Boston used three quick singles and a walk to jump out to a 1-0 lead against Yankee starter Jaret Wright in the first, but he pulled off a nifty escape by turning Jason Varitek’s two hopper back to the box into an inning-ending 1-2-3 double play. Six pitches later, ex-Red Sox centerfielder Johnny Damon smacked a leadoff home run high off the right field foul pole, and the Yanks and Sox were tied, 1-1.
Things looked good when in the second veteran Bernie Williams stroked his fourth homer of the year, and second of this series, a liner that thumped off the bleacher wall (over the home run wall) in right center before the Boston outfielders even had much of a chance to react. Damon doubled to the wall in right center in the third, and Robby Cano homered to right two frames later to up the Yankee lead to 3-1.
Baseball fans are used to the “Bombers” clearing fences, but that aspect of the game has not played a big part in their recent resurgence. On this night the unaccustomed power show blinded many to a few things that were not working in the home team’s favor. Although Wright recovered well from his troubles in the first, both he and Schilling were suffering from a mounting pitch count, 75 for Jaret through five, which was two more than the number Schilling had thrown.
And while Curt was down 3-1 due to the four long drives, they were the only baserunners he had allowed (or would, as it turned out).

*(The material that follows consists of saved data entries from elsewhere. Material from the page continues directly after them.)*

lemma poisson_kernel_geometric_series:
  fixes x :: complex
  assumes "cmod x < 1"
  shows "of_real ((1 - (cmod x)\<^sup>2) / (cmod (1 - x))\<^sup>2) = (\<Sum>n. x ^ n) + cnj (\<Sum>n. x ^ n) - 1"
proof -
  have partial_fractions: "(a + b - a * b) / (a * b) = 1 / a + 1 / b - 1"
    if "a \<noteq> 0" "b \<noteq> 0" for a b :: complex
    using that by (simp add: field_simps)
  have "x \<noteq> 1"
    using assms by auto
  then have "1 - x \<noteq> 0" "1 - cnj x \<noteq> 0"
    by (auto simp: complex_eq_iff)
  have "of_real ((1 - (cmod x)\<^sup>2) / (cmod (1 - x))\<^sup>2) = (1 - x * cnj x) / ((1 - x) * (1 - cnj x))"
    by (simp only: of_real_divide of_real_diff of_real_1 complex_norm_square complex_cnj_diff complex_cnj_one)
  also have "1 - x * cnj x = (1 - x) + (1 - cnj x) - (1 - x) * (1 - cnj x)"
    by (simp add: algebra_simps)
  also have "\<dots> / ((1 - x) * (1 - cnj x)) = 1 / (1 - x) + 1 / (1 - cnj x) - 1"
    by (rule partial_fractions) fact+
  also have "\<dots> = (\<Sum>n. x ^ n) + cnj (\<Sum>n. x ^ n) - 1"
    using assms by (simp add: suminf_geometric)
  finally show ?thesis .
qed

lemma power_cis_diff_mult_cis:
  "(a * cis (t - s)) ^ n * (cis (of_int j * s) * cis (of_int k * t)) =
     a ^ n * (cis (of_int (j - int n) * s) * cis (of_int (k + int n) * t))"
  by (simp only: power_mult_distrib Complex.DeMoivre mult.assoc cis_mult) (simp add: algebra_simps)

lemma cis_borel_measurable [measurable]: "cis \<in> borel_measurable borel"
  by (intro borel_measurable_continuous_onI continuous_intros)

lemma cnj_borel_measurable [measurable]: "cnj \<in> borel_measurable borel"
  by (intro borel_measurable_continuous_onI continuous_intros)

lemma borel_measurable_power_int [measurable]:
  "(\<lambda>z::'a::{real_normed_field}. z powi m) \<in> borel_measurable borel"
proof -
  have "(\<lambda>z::'a. z powi m) = (\<lambda>z. if 0 \<le> m then z ^ nat m else inverse z ^ nat (- m))"
    by (auto simp: power_int_def)
  also have "\<dots> \<in> borel_measurable borel"
    by measurable
  finally show ?thesis .
qed

abbreviation period_measure :: "real measure" where
  "period_measure \<equiv> restrict_space lborel {0..<2*pi}"

abbreviation torus_measure :: "(real \<times> real) measure" where
  "torus_measure \<equiv> period_measure \<Otimes>\<^sub>M period_measure"

lemma emeasure_period_measure: "emeasure period_measure {0..<2*pi} = ennreal (2*pi)"
  by (subst emeasure_restrict_space) auto

interpretation period_measure: finite_measure period_measure
  by (rule finite_measureI) (simp add: space_restrict_space emeasure_period_measure)

interpretation torus_measure: pair_sigma_finite period_measure period_measure ..

lemma finite_measure_torus_measure: "finite_measure torus_measure"
  by (intro finite_measure_pair_measure period_measure.finite_measure_axioms)

lemma ident_borel_measurable_period_measure [measurable]: "(\<lambda>s. s) \<in> borel_measurable period_measure"
  by (rule measurable_restrict_space1) simp

lemma integral_period_cis:
  "(\<integral>s. cis (of_int m * s) \<partial>period_measure) = (if m = 0 then of_real (2*pi) else 0)"
proof (cases "m = 0")
  case True
  then show ?thesis
    by (simp add: measure_def space_restrict_space emeasure_period_measure scaleR_conv_of_real)
next
  case False
  have "(\<integral>s. cis (of_int m * s) \<partial>period_measure) = (LBINT s=ereal 0..ereal (2*pi). cis (of_int m * s))"
    by (simp add: integral_restrict_space set_lebesgue_integral_def interval_integral_Ico)
  also have "\<dots> = cis (of_int m * (2*pi)) / (\<i> * of_int m) - cis (of_int m * 0) / (\<i> * of_int m)"
  proof (rule interval_integral_FTC_finite)
    show "continuous_on {min 0 (2*pi)..max 0 (2*pi)} (\<lambda>s. cis (real_of_int m * s))"
      by (intro continuous_intros)
    show "((\<lambda>s. cis (of_int m * s) / (\<i> * of_int m)) has_vector_derivative cis (of_int m * s))
        (at s within {min 0 (2*pi)..max 0 (2*pi)})" for s
      unfolding has_vector_derivative_def using False
      by (auto intro!: derivative_eq_intros ext simp: field_simps scaleR_conv_of_real)
  qed
  also have "\<dots> = 0"
    using cis_multiple_2pi[of "of_int m"] by (simp add: mult.commute mult.left_commute)
  finally show ?thesis using False by simp
qed

lemma integral_torus_cis:
  "(\<integral>(s,t). cis (of_int a * s) * cis (of_int b * t) \<partial>torus_measure) =
     (if a = 0 \<and> b = 0 then of_real (4 * pi\<^sup>2) else 0)"
proof -
  have "integrable torus_measure (\<lambda>(s,t). cis (of_int a * s) * cis (of_int b * t))"
    by (rule finite_measure.integrable_const_bound[OF finite_measure_torus_measure, where B=1])
       (auto simp: norm_mult)
  then have "(\<integral>(s,t). cis (of_int a * s) * cis (of_int b * t) \<partial>torus_measure)
      = (\<integral>s. (\<integral>t. cis (of_int a * s) * cis (of_int b * t) \<partial>period_measure) \<partial>period_measure)"
    by (rule torus_measure.integral_fst[symmetric])
  also have "\<dots> = (if a = 0 \<and> b = 0 then of_real (4 * pi\<^sup>2) else 0)"
    by (simp add: integral_period_cis power2_eq_square)
  finally show ?thesis .
qed

lemma
  fixes a :: complex
  assumes a: "cmod a < 1"
  shows integrable_torus_geometric_series_cis:
      "integrable torus_measure (\<lambda>(s,t). (\<Sum>n. (a * cis (t - s)) ^ n) * (cis (of_int j * s) * cis (of_int k * t)))"
    and integral_torus_geometric_series_cis:
      "(\<integral>(s,t). (\<Sum>n. (a * cis (t - s)) ^ n) * (cis (of_int j * s) * cis (of_int k * t)) \<partial>torus_measure) =
         of_real (4 * pi\<^sup>2) * (if j = - k \<and> 0 \<le> j then a ^ nat j else 0)"
proof -
  let ?f = "(\<lambda>(s,t). (\<Sum>n. (a * cis (t - s)) ^ n) * (cis (of_int j * s) * cis (of_int k * t)))"
  define F where "F n = (\<lambda>(s,t). a ^ n * (cis (of_int (j - int n) * s) * cis (of_int (k + int n) * t)))" for n
  have F_measurable: "F n \<in> borel_measurable torus_measure" for n
    unfolding F_def by measurable
  have F_bound: "norm (F n z) \<le> cmod a ^ n" for n z
    by (simp add: F_def split_beta norm_mult norm_power)
  have "(\<Sum>n. (a * cis (t - s)) ^ n) * (cis (of_int j * s) * cis (of_int k * t)) = (\<Sum>n. F n (s,t))" for s t
    using suminf_mult2[of "\<lambda>n. (a * cis (t - s)) ^ n"] a
    by (simp add: F_def summable_geometric norm_mult power_cis_diff_mult_cis)
  then have series: "?f = (\<lambda>z. \<Sum>n. F n z)"
    by auto
  show "integrable torus_measure ?f"
    unfolding series using a
    by (intro integrable_suminf_geometric_bound[OF finite_measure_torus_measure _ _ F_measurable F_bound]) auto
  have "integral\<^sup>L torus_measure ?f = (\<integral>z. (\<Sum>n. F n z) \<partial>torus_measure)"
    by (simp only: series)
  also have "\<dots> = (\<Sum>n. integral\<^sup>L torus_measure (F n))"
    using a by (intro integral_suminf_geometric_bound[OF finite_measure_torus_measure _ _ F_measurable F_bound]) auto
  also have "(\<lambda>n. integral\<^sup>L torus_measure (F n)) =
      (\<lambda>n. of_real (4 * pi\<^sup>2) * (if j = - k then 1 else 0) * (if int n = j then a ^ n else 0))"
  proof
    fix n
    have "F n = (\<lambda>z. a ^ n * (\<lambda>(s,t). cis (of_int (j - int n) * s) * cis (of_int (k + int n) * t)) z)"
      by (auto simp: F_def)
    then have "integral\<^sup>L torus_measure (F n) =
        a ^ n * (if j - int n = 0 \<and> k + int n = 0 then of_real (4 * pi\<^sup>2) else 0)"
      by (simp only: integral_mult_right_zero integral_torus_cis)
    then show "integral\<^sup>L torus_measure (F n) =
        of_real (4 * pi\<^sup>2) * (if j = - k then 1 else 0) * (if int n = j then a ^ n else 0)"
      by auto
  qed
  also have "(\<Sum>n. of_real (4 * pi\<^sup>2) * (if j = - k then 1 else 0) * (if int n = j then a ^ n else 0)) =
      of_real (4 * pi\<^sup>2) * (if j = - k \<and> 0 \<le> j then a ^ nat j else 0)"
    using sums_mult[OF sums_power_if_int_eq[where j=j and c=a],
        of "of_real (4 * pi\<^sup>2) * (if j = - k then 1 else 0)"]
    by (auto simp: sums_iff)
  finally show "integral\<^sup>L torus_measure ?f =
      of_real (4 * pi\<^sup>2) * (if j = - k \<and> 0 \<le> j then a ^ nat j else 0)" .
qed

lemma sets_arc_measure [measurable_cong]: "sets arc_measure = sets borel"
  by (simp add: arc_measure_def)

lemma arc_measure_pair_eq_distr_torus:
  "arc_measure \<Otimes>\<^sub>M arc_measure =
     distr torus_measure (borel \<Otimes>\<^sub>M borel) (\<lambda>(s,t). (cis s, cis t))"
  unfolding arc_measure_def
proof (rule pair_measure_distr)
  show "sigma_finite_measure (distr period_measure borel cis)"
    by (intro finite_measure.sigma_finite_measure finite_measure.finite_measure_distr
        period_measure.finite_measure_axioms) simp
qed simp_all

lemma integral_arc_measure_pair:
  fixes h :: "complex \<times> complex \<Rightarrow> 'b::{banach, second_countable_topology}"
  assumes [measurable]: "h \<in> borel_measurable (borel \<Otimes>\<^sub>M borel)"
  shows "integral\<^sup>L (arc_measure \<Otimes>\<^sub>M arc_measure) h =
           (\<integral>(s,t). h (cis s, cis t) \<partial>torus_measure)"
  unfolding arc_measure_pair_eq_distr_torus by (subst integral_distr) (auto simp: split_beta')

lemma bc_density_nonneg: "cmod \<psi> \<le> 1 \<Longrightarrow> 0 \<le> bc_density \<psi> z"
  by (cases z) (simp add: bc_density_def abs_square_le_1)

lemma bc_density_borel_measurable [measurable]: "bc_density \<psi> \<in> borel_measurable (borel \<Otimes>\<^sub>M borel)"
  unfolding bc_density_def by measurable

lemma bc_density_cis:
  assumes "cmod \<psi> < 1"
  shows "of_real (bc_density \<psi> (cis s, cis t)) =
           ((\<Sum>n. (\<psi> * cis (t - s)) ^ n) + cnj (\<Sum>n. (\<psi> * cis (t - s)) ^ n) - 1) / of_real (4 * pi\<^sup>2)"
proof -
  define x where "x = \<psi> * cis (t - s)"
  have "cmod x = cmod \<psi>"
    by (simp add: x_def norm_mult)
  moreover have "\<psi> * cis t * cnj (cis s) = x"
    by (simp add: x_def cis_cnj cis_mult mult.assoc)
  ultimately have "bc_density \<psi> (cis s, cis t) = (1 - (cmod x)\<^sup>2) / (cmod (1 - x))\<^sup>2 / (4 * pi\<^sup>2)"
    by (simp add: bc_density_def)
  then have "(of_real (bc_density \<psi> (cis s, cis t)) :: complex) =
      of_real ((1 - (cmod x)\<^sup>2) / (cmod (1 - x))\<^sup>2) / of_real (4 * pi\<^sup>2)"
    by simp
  also have "\<dots> = ((\<Sum>n. x ^ n) + cnj (\<Sum>n. x ^ n) - 1) / of_real (4 * pi\<^sup>2)"
    using assms \<open>cmod x = cmod \<psi>\<close> poisson_kernel_geometric_series[of x] by simp
  finally show ?thesis
    by (simp only: x_def)
qed
(* Let $b>0$, $\sigma>0$, $p>0$, and let $A$, $c$, $\phi$ be as follows: $A\subseteq\mathbb{R}$ is closed with smallest element $\theta_*$; $c:A\to\mathbb{R}$ is nondecreasing and left-continuous with $c(\theta_* )=0$, $c(x)>0$ for $x>\theta_*$, and, if $A$ is unbounded, $\inf\{c(x)/x:x\in A,x\ge y\}\uparrow\infty$ as $y\uparrow\infty$; $\phi(y)=\sup_{x\in A}\{yx-c(x)\}$ for $y\ge0$. Let $\gamma(p)$ be the unique number in $(\phi_*(p),\infty)$, where $\phi_*(p)=-\inf\{\phi(y):y\in[0,p]\}$, with $\tfrac12\sigma^2\int_0^p\frac{du}{\phi(u)+\gamma(p)}=b$; let $G(v,p)=\tfrac12\sigma^2\int_0^v\frac{du}{\phi(u)+\gamma(p)}$ for $v\in[0,p]$; let $v(\cdot,p):[0,b]\to[0,p]$ be the inverse of $G(\cdot,p)$; and let $f(z,p)=\int_0^z v(y,p)\,dy$ for $z\in[0,b]$. Then $f(\cdot,p)$ is nonnegative, nondecreasing, strictly convex and belongs to $\mathcal{C}^2[0,b]$. Moreover, $f=f(\cdot,p)$ and $\gamma=\gamma(p)$ satisfy $$\gamma=\min_{x\in A}\Big\{\tfrac12\sigma^2f''(z)-xf'(z)+c(x)\Big\}\quad\text{for all }z\in(0,b),$$ together with the boundary conditions $f'(0)=0$ and $f'(b)=p$.
   Context: $\mathcal{C}^2[0,b]$ is the space of functions $f:[0,b]\to\mathbb{R}$ that are twice continuously differentiable on $(0,b)$ with first and second derivatives having finite limits at the endpoints. The supremum defining $\phi(y)$ is finite and attained for each $y\ge0$. *)

theory Defs
  imports "HOL-Analysis.Analysis"
begin

definition strict_convex_on :: "real set \<Rightarrow> (real \<Rightarrow> real) \<Rightarrow> bool" where
  "strict_convex_on S f \<longleftrightarrow>
     (\<forall>x\<in>S. \<forall>y\<in>S. x \<noteq> y \<longrightarrow>
        (\<forall>t. 0 < t \<and> t < 1 \<longrightarrow> f (t * x + (1 - t) * y) < t * f x + (1 - t) * f y))"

The Yanks came close in the third but Damon was erased after his double on a dp when Melky Cabrera’s bid for a following rbi base hit hung up long enough for Coco Crisp to run under it. Wright allowed six hits and a walk through five, and the first four Boston batters reached in the sixth, ending his night. After a Ramirez walk, two singles pared the lead to one, and when Jaret plunked Varitek, he left with the bases loaded and none out and a precarious one-run lead. He had allowed 11 baserunners to Curt’s four.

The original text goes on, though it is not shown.